4. **Formatting Tags (`font`, `br`, `hr`, `b`)**:
   - **High to Moderate Occurrence**: Tags like `<font>`, `<br>`, and `<b>` indicate that the documents use various formatting styles to highlight or structure the data. Bold tags (`<b>`) often emphasize key financial metrics, including EPS.

5. **Section Identifiers (`h1`, `h2`, `h3`)**:
   - **Low Occurrence (6%)**: Header tags like `<h1>`, `<h2>`, and `<h3>` are less commonly used, but when they do appear, they likely indicate section titles that could guide the parser to the relevant parts of the document (e.g., "Financial Statements" or "Earnings Per Share").

6. **Special Cases (`meta`, `strike`, `strong`)**:
   - **Low Occurrence (4% and below)**: Tags such as `<meta>`, `<strike>`, and `<strong>` are rare, suggesting that specific documents might have unique formatting or metadata that could affect how EPS is presented. These tags might be used for more complex document structures or for signaling deprecated or emphasized content.


### Conclusion

1. **Focus on Tables**: Since tables are the most consistent element across all documents, we should prioritize searching within `<table>` tags, specifically looking for rows (`<tr>`) and cells (`<td>`) that likely contain EPS data.
  
2. **Use Document Structure**: Leverage the consistency in the document structure (e.g., `<html>`, `<body>`, `<title>`) to navigate efficiently to relevant sections and potentially identify the context in which EPS data is presented.

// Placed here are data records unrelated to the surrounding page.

(* Let $G=(V,w,m)$ be a locally finite measured weighted graph and let $K>0$. Suppose $\operatorname{Deg}_{\max}\le1$, $m(V)=\sum_{x\in V}m(x)=1$, and $\kappa(x,y)\ge K$ for all $x\neq y\in V$. Let $f\in\ell^1(V,m)$ satisfy $\langle f\rangle=0$ and $\|\nabla f\|_\infty\le1$. Then for every $r>0$, $$m(\{x\in V: f(x)>r\})\le e^{-Kr^2}.$$
   Context: A measured weighted graph $G=(V,w,m)$: countable $V$, symmetric $w:V\times V\to[0,\infty)$ vanishing on the diagonal, $m:V\to(0,\infty)$; $x\sim y$ iff $w(x,y)>0$; locally finite means each vertex has finitely many neighbours. $q(x,y):=w(x,y)/m(x)$, $\Delta f(x):=\sum_y q(x,y)(f(y)-f(x))$, $\operatorname{Deg}_{\max}:=\sup_x\sum_y q(x,y)$. $d$ is the combinatorial graph distance. For $x\ne y$, $\nabla_{xy}f:=(f(x)-f(y))/d(x,y)$, $\|\nabla f\|_\infty:=\sup_{x\sim y}\nabla_{xy}f$, and the Ollivier curvature is $\kappa(x,y):=\inf\{\nabla_{xy}\Delta f: \nabla_{yx}f=1,\ \|\nabla f\|_\infty=1\}$. $\ell^1(V,m)=\{g:V\to\mathbb{R}:\sum_x m(x)|g(x)|<\infty\}$, $\langle g\rangle:=\sum_x m(x)g(x)$, and $m(A):=\sum_{x\in A}m(x)$. *)

theory Defs
  imports "HOL-Analysis.Analysis"
begin

definition mwgraph :: "('v::countable \<Rightarrow> 'v \<Rightarrow> real) \<Rightarrow> ('v \<Rightarrow> real) \<Rightarrow> bool" where
  "mwgraph w m \<longleftrightarrow> (\<forall>x y. w x y = w y x) \<and> (\<forall>x y. 0 \<le> w x y) \<and> (\<forall>x. w x x = 0)
      \<and> (\<forall>x. 0 < m x)"

definition adj :: "('v \<Rightarrow> 'v \<Rightarrow> real) \<Rightarrow> 'v \<Rightarrow> 'v \<Rightarrow> bool" where
  "adj w x y \<longleftrightarrow> 0 < w x y"

definition nbrs :: "('v \<Rightarrow> 'v \<Rightarrow> real) \<Rightarrow> 'v \<Rightarrow> 'v set" where
  "nbrs w x = {y. adj w x y}"

definition locally_finite :: "('v \<Rightarrow> 'v \<Rightarrow> real) \<Rightarrow> bool" where
  "locally_finite w \<longleftrightarrow> (\<forall>x. finite (nbrs w x))"
lemma lang_inter_self [simp]: "lang_inter L L = L" and lang_union_self [simp]: "lang_union L L = L"
  by (simp_all add: lang_inter_def lang_union_def)

fun conjs :: "fm list \<Rightarrow> fm" where
  "conjs [] = Neg Bot"
| "conjs (\<phi> # \<phi>s) = Conj \<phi> (conjs \<phi>s)"

lemma sat_conjs [simp]: "sat M e (conjs \<phi>s) \<longleftrightarrow> (\<forall>\<phi>\<in>set \<phi>s. sat M e \<phi>)"
  by (induction \<phi>s) auto

lemma wf_fm_conjs [simp]: "wf_fm ra fa L (conjs \<phi>s) \<longleftrightarrow> (\<forall>\<phi>\<in>set \<phi>s. wf_fm ra fa L \<phi>)"
  by (induction \<phi>s) auto

lemma frees_conjs [simp]: "frees (conjs \<phi>s) = (\<Union>\<phi>\<in>set \<phi>s. frees \<phi>)"
  by (induction \<phi>s) auto

section \<open>Back and forth between \<omega>-saturated structures\<close>

lemma omega_saturatedD:
  assumes "omega_saturated ra fa L M" "finite V" "assign M e"
    "\<forall>\<phi>\<in>\<Sigma>. wf_fm ra fa L \<phi> \<and> frees \<phi> \<subseteq> insert x V"
    "\<And>\<Sigma>0. finite \<Sigma>0 \<Longrightarrow> \<Sigma>0 \<subseteq> \<Sigma> \<Longrightarrow> \<exists>a\<in>dom M. \<forall>\<phi>\<in>\<Sigma>0. sat M (e(x := a)) \<phi>"
  shows "\<exists>a\<in>dom M. \<forall>\<phi>\<in>\<Sigma>. sat M (e(x := a)) \<phi>"
  using assms(1) unfolding omega_saturated_def
  by (elim allE[of _ x] allE[of _ V] allE[of _ e] allE[of _ \<Sigma>] impE) (use assms(2-5) in auto)

definition same_type_below ::
  "(nat \<Rightarrow> nat) \<Rightarrow> (nat \<Rightarrow> nat) \<Rightarrow> lang \<Rightarrow> nat \<Rightarrow> 'a struc \<Rightarrow> (nat \<Rightarrow> 'a) \<Rightarrow> 'b struc \<Rightarrow> (nat \<Rightarrow> 'b) \<Rightarrow> bool"
  where "same_type_below ra fa K m N1 e1 N2 e2 \<longleftrightarrow>
    (\<forall>\<phi>. wf_fm ra fa K \<phi> \<and> frees \<phi> \<subseteq> {..<m} \<longrightarrow> sat N1 e1 \<phi> = sat N2 e2 \<phi>)"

3. **Handle Footnotes and References**: Pay attention to superscripts and other formatting tags that might modify or provide additional context to EPS data, ensuring that all extracted figures are interpreted correctly.

4. **Edge Cases**: While most documents are structured similarly, there may be less common tags and special cases. We need to make the parser flexible to ensure robust performance across all files.